Reklama

Zawisza nie łyknął tabletek, a Zięba zawstydził Raula i Kuna

redakcja

Autor:redakcja

26 sierpnia 2015, 20:51 • 2 min czytania 0 komentarzy

Przed włączeniem telewizora wyprowadziliśmy dość absurdalne równanie. Sądziliśmy, że spadkowicz plus spadkowicz, Bełchatów plus Zawisza, równa się widowisko na poziomie Ekstraklasy, czyli przynajmniej takie, od którego nie wypadają zdrowe zęby. I już myśleliśmy, że jesteśmy beznadziejnymi teoretykami, już załamywaliśmy ręce, ale wtedy kolorowego fajerwerka odpalił Paweł Zięba. 

Zawisza nie łyknął tabletek, a Zięba zawstydził Raula i Kuna

Bełchatów pokazał pazur, młodzieńczą ambicję, pasję. Stary, poczciwy Zawisza rano najwyraźniej zapomniał łyknąć tabletek z żeń-szeniem. Na papierze personalnie silniejszy, dość szybko zdobył bramkę, a później kompletnie oklapł. Czekali, czekali… Na co? Tego nie wiedzą chyba sami. Postanowili bronić się i utrzymywać przy piłce od 6. minuty, kiedy objęli prowadzenie, aż do samego końca. Nie wypaliło. Pokonał ich nie tyle przeciwnik, co własny minimalizm.

Ta akcja zasługuje na osobne potraktowanie i opisanie w iście hollywoodzkim stylu. Uwaga, 82. minuta. Piłkarze Zawiszy opadają z sił, modląc się o końcowy gwizdek. Między obrońcami przepycha się Zięba, czekając na piłkę kopniętą z drugiej linii.
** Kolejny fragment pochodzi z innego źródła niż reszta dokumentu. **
lemma commute_repeated_before:
  assumes "x \<in> set p" and "y \<in> set p"
  shows "p @ x # y # q \<simeq> p @ y # x # q"
proof -
  have "p @ x # y # q \<simeq> p @ x # x # y # q" by (rule square_repeated[OF assms(1)])
  also have "\<dots> = (p @ [x, x]) @ y # q" by simp
  also have "\<dots> \<simeq> (p @ [x, x]) @ y # y # q" by (rule square_repeated) (use assms in simp)
  also have "\<dots> = p @ ([x] @ [x] @ [y] @ [y]) @ q" by simp
  also have "\<dots> \<simeq> p @ ([y] @ [y] @ [x] @ [x]) @ q" by (rule eqv_context, rule squares_commute)
  also have "\<dots> = (p @ [y, y]) @ x # x # q" by simp
  also have "\<dots> \<simeq> (p @ [y, y]) @ x # q" by (rule eqv_sym, rule square_repeated) (use assms in simp)
  also have "\<dots> = p @ y # y # x # q" by simp
  also have "\<dots> \<simeq> p @ y # x # q" by (rule eqv_sym, rule square_repeated[OF assms(2)])
  finally show ?thesis .
qed

lemma commute_repeated_around:
  assumes "x \<in> set p" and "y \<in> set q"
  shows "p @ x # y # q \<simeq> p @ y # x # q"
proof -
  have twice: "2 \<le> count_list (p @ x # x # y # q) x" "2 \<le> count_list (p @ x # x # y # q) y"
    "2 \<le> count_list (p @ x # y # x # q) x" "2 \<le> count_list (p @ x # y # x # q) y"
    using assms by (simp_all add: Suc_le_eq flip: count_list_pos_iff)
  have "p @ x # y # q \<simeq> p @ x # x # y # q" by (rule square_repeated[OF assms(1)])
  also have "\<dots> \<simeq> (p @ x # x # y # q) @ [y, x]"
    by (rule eqv_sym, rule append_two_repeated) (use twice in simp_all)
  also have "\<dots> = (p @ [x]) @ ([x, y] @ q @ [y, x])" by simp
  also have "\<dots> \<simeq> (p @ [x]) @ ([y, x] @ q @ [y, x])"
    by (rule eqv_append_left, rule eqv_sym, rule swap_before_xy)
  also have "\<dots> = (p @ x # y # x # q) @ [y, x]" by simp
  also have "\<dots> \<simeq> p @ x # y # x # q" by (rule append_two_repeated) (use twice in simp_all)
  also have "\<dots> \<simeq> p @ y # x # x # q" by (rule commute_repeated_after) (use assms in simp_all)
  also have "\<dots> = (p @ [y]) @ x # x # q" by simp
  also have "\<dots> \<simeq> (p @ [y]) @ x # q" by (rule eqv_sym, rule square_repeated) (use assms in simp)
  finally show ?thesis by simp
qed

lemma commute_repeated:
  assumes "x \<in> set (p @ q)" and "y \<in> set (p @ q)"
  shows "p @ x # y # q \<simeq> p @ y # x # q"
proof -
  consider "x \<in> set q" "y \<in> set q" | "x \<in> set p" "y \<in> set p" | "x \<in> set p" "y \<in> set q"
    | "x \<in> set q" "y \<in> set p"
    using assms by auto
  then show ?thesis
  proof cases
    case 1
    then show ?thesis by (rule commute_repeated_after)
  next
    case 2
    then show ?thesis by (rule commute_repeated_before)
  next
    case 3
    then show ?thesis by (rule commute_repeated_around)
  next
    case 4
    then show ?thesis using eqv_sym[OF commute_repeated_around[of y p x q]] by blast
  qed
qed

lemma move_across_repeated:
  assumes "x \<in> set (p @ q)" and "\<forall>y\<in>set s. 2 \<le> count_list (p @ s @ q) y"
  shows "p @ s @ x # q \<simeq> p @ x # s @ q"
  using assms
proof (induction s arbitrary: q rule: rev_induct)
  case (snoc y s)
  have "y \<in> set (p @ s @ q)"
    using snoc.prems(2) by (simp add: Suc_le_eq flip: count_list_pos_iff)
  have "p @ (s @ [y]) @ x # q = (p @ s) @ y # x # q" by simp
  also have "\<dots> \<simeq> (p @ s) @ x # y # q"
    by (rule commute_repeated) (use snoc.prems(1) \<open>y \<in> set (p @ s @ q)\<close> in auto)
  also have "\<dots> = p @ s @ x # (y # q)" by simp
  also have "\<dots> \<simeq> p @ x # s @ (y # q)"
    by (rule snoc.IH) (use snoc.prems in auto)
  finally show ?case by simp
qed simp

lemma permute_repeated:
  assumes "mset s = mset s'" and "\<forall>x\<in>set s. 2 \<le> count_list (p @ s @ q) x"
  shows "p @ s @ q \<simeq> p @ s' @ q"
  using assms
proof (induction s' arbitrary: s p)
  case (Cons x s')
  have "x \<in> set s" using Cons.prems(1) by (metis list.set_intros(1) set_mset_mset)
  then obtain sa sb where s: "s = sa @ x # sb" and "x \<notin> set sa" by (meson split_list_first)
  have "2 \<le> count_list (p @ s @ q) x" using Cons.prems(2) \<open>x \<in> set s\<close> by blast
  moreover have "count_list sa x = 0" using \<open>x \<notin> set sa\<close> by (simp add: count_list_0_iff)
  ultimately have "x \<in> set (p @ sb @ q)" using s by (simp add: Suc_le_eq flip: count_list_pos_iff)
  have counts: "count_list (p @ sa @ sb @ q) y = count_list (p @ s @ q) y" if "y \<noteq> x" for y
    using s that by simp
  have "p @ s @ q = p @ sa @ x # (sb @ q)" using s by simp
  also have "\<dots> \<simeq> p @ x # sa @ (sb @ q)"
  proof (rule move_across_repeated)
    show "x \<in> set (p @ sb @ q)" by fact
    show "\<forall>y\<in>set sa. 2 \<le> count_list (p @ sa @ sb @ q) y"
      using Cons.prems(2) counts s \<open>x \<notin> set sa\<close> by fastforce
  qed
  also have "\<dots> = (p @ [x]) @ (sa @ sb) @ q" by simp
  also have "\<dots> \<simeq> (p @ [x]) @ s' @ q"
  proof (rule Cons.IH)
    show "mset (sa @ sb) = mset s'" using Cons.prems(1) s by simp
    have "count_list ((p @ [x]) @ (sa @ sb) @ q) y = count_list (p @ s @ q) y" for y
      using s by simp
    then show "\<forall>y\<in>set (sa @ sb). 2 \<le> count_list ((p @ [x]) @ (sa @ sb) @ q) y"
      using Cons.prems(2) s by auto
  qed
  finally show ?case by simp
qed simp

lemma trim2_eqv: "p @ w \<simeq> p @ trim2 p w"
proof (induction p w rule: trim2.induct)
  case (2 p x w)
  show ?case
  proof (cases "2 \<le> count_list p x")
    case True
    then have "p @ x # w \<simeq> p @ w" by (rule delete_third)
    also have "\<dots> \<simeq> p @ trim2 p w" using "2.IH"(1) True .
    finally show ?thesis using True by simp
  next
    case False
    have "p @ x # w = (p @ [x]) @ w" by simp
    also have "\<dots> \<simeq> (p @ [x]) @ trim2 (p @ [x]) w" using "2.IH"(2) False .
    finally show ?thesis using False by simp
  qed
qed simp

lemma eqv_of_before_first_msets:
  assumes "mset u = mset v"
    and "\<forall>t\<in>set u. count_list (u @ q) t = 1 \<longrightarrow> mset (before_first t u) = mset (before_first t v)"
  shows "u @ q \<simeq> v @ q"
  using assms
proof (induction "length u" arbitrary: u v q rule: less_induct)
  \<comment> \<open>Split \<open>u\<close> at its last letter \<open>t\<close> occurring once in \<open>u @ q\<close>: behind \<open>t\<close> all letters are
    repeated and may be permuted, and in front of \<open>t\<close> we recurse with context \<open>t # S @ q\<close>.\<close>
  case less
  have repeated: "2 \<le> count_list (u @ q) x" if "x \<in> set u" "count_list (u @ q) x \<noteq> 1" for x
  proof -
    have "0 < count_list (u @ q) x" using that(1) by (simp add: count_list_pos_iff)
    with that(2) show ?thesis by linarith
  qed
  show ?case
  proof (cases "\<exists>t\<in>set u. count_list (u @ q) t = 1")
    case False
    then have "\<forall>x\<in>set u. 2 \<le> count_list ([] @ u @ q) x" using repeated by auto
    then show ?thesis using permute_repeated[OF less.prems(1), of "[]" q] by simp
  next
    case True
    then obtain P t S where u: "u = P @ t # S" and t: "count_list (u @ q) t = 1"
      and S: "\<forall>y\<in>set S. count_list (u @ q) y \<noteq> 1"
      using split_list_last_prop[of u "\<lambda>t. count_list (u @ q) t = 1"] by blast
    have "t \<in> set v" using less.prems(1) u by (metis in_set_conv_decomp mset_eq_setD)
    then obtain P' S' where v: "v = P' @ t # S'" and "t \<notin> set P'" by (meson split_list_first)
    have "count_list P t = 0" using t u by simp
    then have "t \<notin> set P" by (simp add: count_list_0_iff)
    have "mset (before_first t u) = mset (before_first t v)"
      using less.prems(2) t u by simp
    then have mset_P: "mset P = mset P'"
      using u v \<open>t \<notin> set P\<close> \<open>t \<notin> set P'\<close> by (simp add: before_first_append)
    then have mset_S: "mset S = mset S'" using less.prems(1) u v by simp
    have "P @ (t # S @ q) \<simeq> P' @ (t # S @ q)"
    proof (rule less.hyps)
      show "length P < length u" using u by simp
      show "mset P = mset P'" by fact
      show "\<forall>t'\<in>set P. count_list (P @ t # S @ q) t' = 1 \<longrightarrow>
          mset (before_first t' P) = mset (before_first t' P')"
      proof (intro ballI impI)
        fix t' assume "t' \<in> set P" and "count_list (P @ t # S @ q) t' = 1"
        then have "mset (before_first t' u) = mset (before_first t' v)"
          using less.prems(2) u by simp
        moreover have "t' \<in> set P'" using \<open>t' \<in> set P\<close> mset_eq_setD[OF mset_P] by simp
        ultimately show "mset (before_first t' P) = mset (before_first t' P')"
          using u v \<open>t' \<in> set P\<close> by (simp add: before_first_append)
      qed
    qed
    also have "\<dots> = (P' @ [t]) @ S @ q" by simp
    also have "\<dots> \<simeq> (P' @ [t]) @ S' @ q"
    proof (rule permute_repeated[OF mset_S])
      have "count_list (u @ q) y = count_list ((P' @ [t]) @ S @ q) y" for y
        using u mset_P by (simp flip: count_mset)
      then show "\<forall>y\<in>set S. 2 \<le> count_list ((P' @ [t]) @ S @ q) y"
        using S repeated u by fastforce
    qed
    finally show ?thesis using u v by simp
  qed
qed

lemma F_invariant_imp_eqv:
  assumes "F_invariant u v"
  shows "u \<simeq> v"
proof -
  have agree: "counts_agree_upto2 u v"
    and before: "\<And>t. count_list u t = 1 \<Longrightarrow>
      counts_agree_upto2 (before_first t u) (before_first t v)"
    using assms by (auto simp: F_invariant_def)
  have "trim2 [] u @ [] \<simeq> trim2 [] v @ []"
  proof (rule eqv_of_before_first_msets)
    show "mset (trim2 [] u) = mset (trim2 [] v)"
      using agree by (simp add: multiset_eq_iff count_mset count_list_trim2 counts_agree_upto2_def)
    show "\<forall>t\<in>set (trim2 [] u). count_list (trim2 [] u @ []) t = 1 \<longrightarrow>
        mset (before_first t (trim2 [] u)) = mset (before_first t (trim2 [] v))"
    proof (intro ballI impI)
      fix t assume "count_list (trim2 [] u @ []) t = 1"
      then have "count_list u t = 1" by (simp add: count_list_trim2 min_def split: if_splits)
      then show "mset (before_first t (trim2 [] u)) = mset (before_first t (trim2 [] v))"
        using before by (simp add: before_first_trim2 multiset_eq_iff count_mset count_list_trim2
            counts_agree_upto2_def)
    qed
  qed
  then show ?thesis
    using eqv_trans[OF eqv_trans[OF trim2_eqv[of "[]" u]] eqv_sym[OF trim2_eqv[of "[]" v]]] by simp
qed

end

theorem lemma2p3:
  fixes V :: "(word \<times> word) set"
  assumes "is_variety V"
    and "satisfies V [vx,vy,vx] [vx,vy,vx,vx]"
    and "satisfies V [vx,vx,vy,vy] [vy,vy,vx,vx]"
  shows "(\<not> subvariety varE V \<longrightarrow> subvariety V varK)
       \<and> (\<not> subvariety varF V \<longrightarrow> subvariety V varQ)"
proof -
  interpret V_theory V
    using assms by unfold_locales (simp_all add: is_variety_def satisfies_def)
  interpret E: E_theory "eq_cl E_ids"
    by unfold_locales (auto simp: eq_cl_idem E_ids_def intro: eq_cl.base)
  interpret F: F_theory "eq_cl F_ids"
    by unfold_locales (auto simp: eq_cl_idem F_ids_def intro: eq_cl.base)
  have base: "([0,1,0], [0,1,0,0]) \<in> V" "([0,0,1,1], [1,1,0,0]) \<in> V"
    using assms(2,3) by (simp_all add: satisfies_def)
  show ?thesis
  proof (intro conjI impI)
    assume "\<not> subvariety varE V"
    then obtain u v where "(u, v) \<in> V" and "(u, v) \<notin> eq_cl E_ids"
      by (auto simp: subvariety_def varE_def var_def_by_def)
    then have "\<not> E_invariant u v" using E.E_invariant_imp_eqv[unfolded E.eqv_def] by blast
    then have "([0,0,1], [0,0,1,0]) \<in> V"
      using K_law_of_not_E_invariant[unfolded eqv_def] \<open>(u, v) \<in> V\<close> by blast
    then show "subvariety V varK"
      using base by (simp add: varK_def subvariety_var_def_by_iff[OF assms(1)] K_ids_def)
  next
    assume "\<not> subvariety varF V"
    then obtain u v where "(u, v) \<in> V" and "(u, v) \<notin> eq_cl F_ids"
      by (auto simp: subvariety_def varF_def var_def_by_def)
    then have "\<not> F_invariant u v" using F.F_invariant_imp_eqv[unfolded F.eqv_def] by blast
    then have "([0,1,0], [0,0,1,0]) \<in> V"
      using Q_law_of_not_F_invariant[unfolded eqv_def] \<open>(u, v) \<in> V\<close> by blast
    then show "subvariety V varQ"
      using base by (simp add: varQ_def subvariety_var_def_by_iff[OF assms(1)] Q_ids_def)
  qed
qed
end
Pozycja jest trudna, sprawy nie ułatwia przeciwnik, ale lutuje. Trafia mocno, ale nie na tyle mocno, żeby przestrzelić. Trafia idealnie, tuż nad Łukaszem Sapelą.

A potem był jeszcze jeden gong, kiedy Gierszewski wyprzedził śpiącego Nawotczyńskiego i wyrwał Zawiszy dwa kolejne punkty. 2:1 dla ekipy Ulatowskiego. Mecz typowo pierwszoligowy, ale końcówka z pierwszej połówki tabeli Ekstraklasy. Brawa dla Bełchatowa. Na koniec jeszcze mała ciekawostka: Lukas Klemenz cały mecz przesiedział na ławce rezerwowych.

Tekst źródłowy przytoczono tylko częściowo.